▶ **TASK PROMPT**
Below are entries; write every one of them out again exactly.

----- GIVEN DATA

lemma window_sample_error:
  assumes q: "\<And>i. i \<in> {1..N-1} \<Longrightarrow> q i \<in> {0..1}" and x: "x \<in> {0..1}"
    and "\<epsilon> \<le> \<delta>" and "v 0 = 0" "v 1 = 0"
    and modulus: "\<And>x y. x \<in> {0..1} \<Longrightarrow> y \<in> {0..1} \<Longrightarrow> \<bar>x - y\<bar> < \<delta> \<Longrightarrow> \<bar>v x - v y\<bar> \<le> \<eta>"
  shows "\<bar>window_sample q N \<epsilon> v x - chi q N \<epsilon> x * v x\<bar> \<le> \<eta> * chi q N \<epsilon> x"
proof -
  have local_error: "\<bar>indicator A x * (v a - v x)\<bar> \<le> \<eta> * indicator A x"
    if "a \<in> {0..1}" "A \<subseteq> {a - \<epsilon><..<a + \<epsilon>}" for a A
  proof (cases "x \<in> A")
    case True
    with that(2) have "\<bar>a - x\<bar> < \<delta>"
      using \<open>\<epsilon> \<le> \<delta>\<close> by (auto simp: abs_less_iff)
    then have "\<bar>v a - v x\<bar> \<le> \<eta>"
      using that(1) x by (intro modulus)
    then show ?thesis
      using True by simp
  qed simp
  let ?J = "\<lambda>i. {q i - \<epsilon><..<q i + \<epsilon>}" and ?L = "{0<..<\<epsilon>}" and ?R = "{1 - \<epsilon><..<1}"
  have "window_sample q N \<epsilon> v x - chi q N \<epsilon> x * v x
      = (\<Sum>i=1..N-1. indicator (?J i) x * (v (q i) - v x))
        + indicator ?L x * (v 0 - v x) + indicator ?R x * (v 1 - v x)"
    unfolding window_sample_def chi_def right_diff_distrib sum_subtractf distrib_right sum_distrib_right
      \<open>v 0 = 0\<close> \<open>v 1 = 0\<close> mult_zero_right
    by linarith
  also have "\<bar>\<dots>\<bar> \<le> (\<Sum>i=1..N-1. \<bar>indicator (?J i) x * (v (q i) - v x)\<bar>)
      + \<bar>indicator ?L x * (v 0 - v x)\<bar> + \<bar>indicator ?R x * (v 1 - v x)\<bar>"
    by (intro order_trans[OF abs_triangle_ineq] add_mono sum_abs) simp_all
  also have "\<dots> \<le> (\<Sum>i=1..N-1. \<eta> * indicator (?J i) x) + \<eta> * indicator ?L x + \<eta> * indicator ?R x"
    using q by (intro add_mono sum_mono local_error) auto
  also have "\<dots> = \<eta> * chi q N \<epsilon> x"
    unfolding chi_def distrib_left sum_distrib_left ..
  finally show ?thesis .
qed

lemma set_integrable_mult_continuous:
  fixes f v :: "real \<Rightarrow> real"
  assumes f: "set_integrable lborel A f" and "A \<in> sets borel" "A \<subseteq> S" "compact S"
    and "continuous_on S v"
  shows "set_integrable lborel A (\<lambda>x. f x * v x)"
proof -
  obtain B where B: "\<And>x. x \<in> S \<Longrightarrow> \<bar>v x\<bar> \<le> B"
    using compact_imp_bounded[OF compact_continuous_image[OF \<open>continuous_on S v\<close> \<open>compact S\<close>]]
    unfolding bounded_real by (meson imageI)
  have "set_borel_measurable borel A v"
    using continuous_on_subset[OF \<open>continuous_on S v\<close> \<open>A \<subseteq> S\<close>]
    by (rule set_measurable_continuous_on[OF \<open>A \<in> sets borel\<close>])
  then have "set_borel_measurable lborel A v"
    by (simp add: set_borel_measurable_def)
  then have "set_integrable lborel A (\<lambda>x. v x * f x)"
    using B \<open>A \<subseteq> S\<close> by (intro set_integrable_bounded_mult[OF f]) auto
  then show ?thesis
    by (simp add: mult.commute)
qed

----------

▶ **WRITTEN SOLUTION**
lemma window_sample_error:
  assumes q: "\<And>i. i \<in> {1..N-1} \<Longrightarrow> q i \<in> {0..1}" and x: "x \<in> {0..1}"
    and "\<epsilon> \<le> \<delta>" and "v 0 = 0" "v 1 = 0"
    and modulus: "\<And>x y. x \<in> {0..1} \<Longrightarrow> y \<in> {0..1} \<Longrightarrow> \<bar>x - y\<bar> < \<delta> \<Longrightarrow> \<bar>v x - v y\<bar> \<le> \<eta>"
  shows "\<bar>window_sample q N \<epsilon> v x - chi q N \<epsilon> x * v x\<bar> \<le> \<eta> * chi q N \<epsilon> x"
proof -
  have local_error: "\<bar>indicator A x * (v a - v x)\<bar> \<le> \<eta> * indicator A x"
    if "a \<in> {0..1}" "A \<subseteq> {a - \<epsilon><..<a + \<epsilon>}" for a A
  proof (cases "x \<in> A")
    case True
    with that(2) have "\<bar>a - x\<bar> < \<delta>"
      using \<open>\<epsilon> \<le> \<delta>\<close> by (auto simp: abs_less_iff)
    then have "\<bar>v a - v x\<bar> \<le> \<eta>"
      using that(1) x by (intro modulus)
    then show ?thesis
      using True by simp
  qed simp
  let ?J = "\<lambda>i. {q i - \<epsilon><..<q i + \<epsilon>}" and ?L = "{0<..<\<epsilon>}" and ?R = "{1 - \<epsilon><..<1}"
  have "window_sample q N \<epsilon> v x - chi q N \<epsilon> x * v x
      = (\<Sum>i=1..N-1. indicator (?J i) x * (v (q i) - v x))
        + indicator ?L x * (v 0 - v x) + indicator ?R x * (v 1 - v x)"
    unfolding window_sample_def chi_def right_diff_distrib sum_subtractf distrib_right sum_distrib_right
      \<open>v 0 = 0\<close> \<open>v 1 = 0\<close> mult_zero_right
    by linarith
  also have "\<bar>\<dots>\<bar> \<le> (\<Sum>i=1..N-1. \<bar>indicator (?J i) x * (v (q i) - v x)\<bar>)
      + \<bar>indicator ?L x * (v 0 - v x)\<bar> + \<bar>indicator ?R x * (v 1 - v x)\<bar>"
    by (intro order_trans[OF abs_triangle_ineq] add_mono sum_abs) simp_all
  also have "\<dots> \<le> (\<Sum>i=1..N-1. \<eta> * indicator (?J i) x) + \<eta> * indicator ?L x + \<eta> * indicator ?R x"
    using q by (intro add_mono sum_mono local_error) auto
  also have "\<dots> = \<eta> * chi q N \<epsilon> x"
    unfolding chi_def distrib_left sum_distrib_left ..
  finally show ?thesis .
qed

lemma set_integrable_mult_continuous:
  fixes f v :: "real \<Rightarrow> real"
  assumes f: "set_integrable lborel A f" and "A \<in> sets borel" "A \<subseteq> S" "compact S"
    and "continuous_on S v"
  shows "set_integrable lborel A (\<lambda>x. f x * v x)"
proof -
  obtain B where B: "\<And>x. x \<in> S \<Longrightarrow> \<bar>v x\<bar> \<le> B"
    using compact_imp_bounded[OF compact_continuous_image[OF \<open>continuous_on S v\<close> \<open>compact S\<close>]]
    unfolding bounded_real by (meson imageI)
  have "set_borel_measurable borel A v"
    using continuous_on_subset[OF \<open>continuous_on S v\<close> \<open>A \<subseteq> S\<close>]
    by (rule set_measurable_continuous_on[OF \<open>A \<in> sets borel\<close>])
  then have "set_borel_measurable lborel A v"
    by (simp add: set_borel_measurable_def)
  then have "set_integrable lborel A (\<lambda>x. v x * f x)"
    using B \<open>A \<subseteq> S\<close> by (intro set_integrable_bounded_mult[OF f]) auto
  then show ?thesis
    by (simp add: mult.commute)
qed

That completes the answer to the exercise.